• ABOUT THIS TASK:
Show each line of the entries below in which the word "finally" appears.

[Saved data entries]
------------------------------------
definition sigma :: "complex \<Rightarrow> nat \<Rightarrow> complex" where
  "sigma x n = (\<Sum>d\<in>{d. d dvd n}. (of_nat d :: complex) powr x)"

definition jordan :: "complex \<Rightarrow> nat \<Rightarrow> complex" where
  "jordan x = dconv mu (id_pow x)"

fun dpow :: "(nat \<Rightarrow> complex) \<Rightarrow> nat \<Rightarrow> nat \<Rightarrow> complex" where
  "dpow f 0 = eps"
| "dpow f (Suc k) = dconv f (dpow f k)"

definition dinv :: "(nat \<Rightarrow> complex) \<Rightarrow> nat \<Rightarrow> complex" where
  "dinv f = (THE g. (\<forall>n>0. dconv f g n = eps n) \<and> g 0 = 0)"

function kappa :: "complex \<Rightarrow> nat \<Rightarrow> complex" where
  "kappa x n = (if n = 0 then 0 else
     (of_nat n :: complex) powr x + (\<Sum>d\<in>{d. d dvd n \<and> d < n}. kappa x d))"
  by pat_completeness auto
termination
  by (relation "measure snd") auto

declare kappa.simps [simp del]

end

theory Submission
  imports Defs
begin

text \<open>Write T = 2\<epsilon> - 1. The defining recursion of kappa_x says exactly
  kappa_x * T = id_x, and since T(1) \<noteq> 0, T can be cancelled from Dirichlet convolutions.
  Identities 1, 2, 4 and 6 then follow by convolving with T and using commutativity,
  associativity and \<mu> * 1 = \<epsilon>. For 5, id_x is completely multiplicative with inverse
  \<mu> id_x, so kappa_x^-1 = \<mu> id_x * T and J_x^-1 = 1 * \<mu> id_x, while 2\<mu> - \<epsilon> = \<mu> * T.
  Identity 3 is the geometric series for T^-1: the terms b_k = (1^*k * id_x)(n) / 2^(k+1)
  satisfy b_(k+1) = b_k / 2 + c_k, where c_k collects the corresponding series at the proper
  divisors of n, so convergence and the value follow by strong induction on n.\<close>

text \<open>The divisor set of 0 is infinite, so every convolution vanishes at 0 (the junk value
  of an infinite sum); this lets identities between convolutions be stated as equalities
  of functions.\<close>

lemma dconv_0 [simp]: "dconv f g 0 = 0"
  by (simp add: dconv_def)

lemma dconv_1: "dconv f g 1 = f 1 * g 1"
  by (simp add: dconv_def)

lemma dconv_eq_sum_pairs:
  assumes "n > 0"
  shows "dconv f g n = (\<Sum>(a, b)\<in>{(a, b). a * b = n}. f a * g b)"
  unfolding dconv_def
  by (rule sum.reindex_bij_witness[where i=fst and j="\<lambda>d. (d, n div d)"]) (use assms in auto)

lemma finite_divisor_pairs: "n > 0 \<Longrightarrow> finite {(a, b). a * b = (n::nat)}"
proof -
  assume "n > 0"
  then have "{(a, b). a * b = n} = (\<lambda>d. (d, n div d)) ` {d. d dvd n}"
    by (force simp: image_iff)
  with \<open>n > 0\<close> show ?thesis by simp
qed

lemma dconv_dconv_eq_sum_triples:
  assumes n: "n > 0"
  shows "dconv (dconv f g) h n = (\<Sum>(a, b, c)\<in>{(a, b, c). a * b * c = n}. f a * g b * h c)"
proof -
  have inner: "dconv f g d * h c = (\<Sum>(a, b)\<in>{(a, b). a * b = d}. f a * g b * h c)"
    if "d * c = n" for d c
  proof -
    from that n have "d > 0" by (cases d) auto
    then show ?thesis by (simp add: dconv_eq_sum_pairs sum_distrib_right case_prod_unfold)
  qed
  have "dconv (dconv f g) h n
      = (\<Sum>(d, c)\<in>{(d, c). d * c = n}. \<Sum>(a, b)\<in>{(a, b). a * b = d}. f a * g b * h c)"
    unfolding dconv_eq_sum_pairs[OF n] by (intro sum.cong refl) (auto simp: inner)
  also have "\<dots> = (\<Sum>((d, c), (a, b))\<in>Sigma {(d, c). d * c = n} (\<lambda>(d, c). {(a, b). a * b = d}).
                     f a * g b * h c)"
    using n by (subst sum.Sigma[symmetric]) (auto intro!: finite_divisor_pairs sum.cong intro: gr0I)
  also have "\<dots> = (\<Sum>(a, b, c)\<in>{(a, b, c). a * b * c = n}. f a * g b * h c)"
    by (rule sum.reindex_bij_witness[where i="\<lambda>(a, b, c). ((a * b, c), (a, b))"
                                        and j="\<lambda>((d, c), (a, b)). (a, b, c)"]) auto
  finally show ?thesis .
qed

lemma dconv_commute: "dconv f g = dconv g f"
proof
  fix n show "dconv f g n = dconv g f n"
  proof (cases "n = 0")
    case False
    then show ?thesis
      by (simp add: dconv_eq_sum_pairs)
         (rule sum.reindex_bij_witness[where i=prod.swap and j=prod.swap]; auto)
  qed simp
qed

lemma dconv_assoc: "dconv (dconv f g) h = dconv f (dconv g h)"
proof
  fix n show "dconv (dconv f g) h n = dconv f (dconv g h) n"
  proof (cases "n = 0")
    case False
    then have "dconv f (dconv g h) n = (\<Sum>(a, b, c)\<in>{(a, b, c). a * b * c = n}. g a * h b * f c)"
      by (simp add: dconv_commute[of f] dconv_dconv_eq_sum_triples)
    also have "\<dots> = (\<Sum>(a, b, c)\<in>{(a, b, c). a * b * c = n}. f a * g b * h c)"
      by (rule sum.reindex_bij_witness[where i="\<lambda>(a, b, c). (b, c, a)" and j="\<lambda>(a, b, c). (c, a, b)"])
         (auto simp: ac_simps)
    finally show ?thesis using False by (simp add: dconv_dconv_eq_sum_triples)
  qed simp
qed

interpretation dconv: abel_semigroup dconv
  by unfold_locales (rule dconv_assoc, rule dconv_commute)

lemma dconv_cong:
  assumes "\<And>m. m > 0 \<Longrightarrow> f m = f' m" "\<And>m. m > 0 \<Longrightarrow> g m = g' m"
  shows "dconv f g = dconv f' g'"
proof
  fix n show "dconv f g n = dconv f' g' n"
  proof (cases "n = 0")
    case False
    have "f d * g (n div d) = f' d * g' (n div d)" if "d dvd n" for d
    proof -
      from that False have "d > 0" "n div d > 0" by (auto intro: gr0I simp: dvd_div_eq_0_iff)
      then show ?thesis by (simp add: assms)
    qed
    then show ?thesis by (simp add: dconv_def)
  qed simp
qed

lemma dconv_eps: "n > 0 \<Longrightarrow> dconv f eps n = f n"
proof -
  assume "n > 0"
  then have "dconv f eps n = (\<Sum>d | d dvd n. if d = n then f n else 0)"
    unfolding dconv_def eps_def by (intro sum.cong refl) (auto elim!: dvdE)
  with \<open>n > 0\<close> show ?thesis by simp
qed

lemma dconv_eps_eq: "f 0 = 0 \<Longrightarrow> dconv f eps = f"
  by (rule ext) (metis bot_nat_0.not_eq_extremum dconv_0 dconv_eps)

lemma dconv_one_fn: "dconv f one_fn n = (\<Sum>d | d dvd n. f d)"
  by (simp add: dconv_def one_fn_def)

lemma sum_divisors_eq_proper_divisors:
  assumes "n > (0 :: nat)"
  shows "(\<Sum>d | d dvd n. f d) = f n + (\<Sum>d | d dvd n \<and> d < n. f d)"
proof -
  have "{d. d dvd n} = insert n {d. d dvd n \<and> d < n}"
    using assms by (auto dest: dvd_imp_le)
  then show ?thesis by simp
qed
------------------------------------
• COMPLETED TASK:
  finally show ?thesis .
    finally show ?thesis using False by (simp add: dconv_dconv_eq_sum_triples)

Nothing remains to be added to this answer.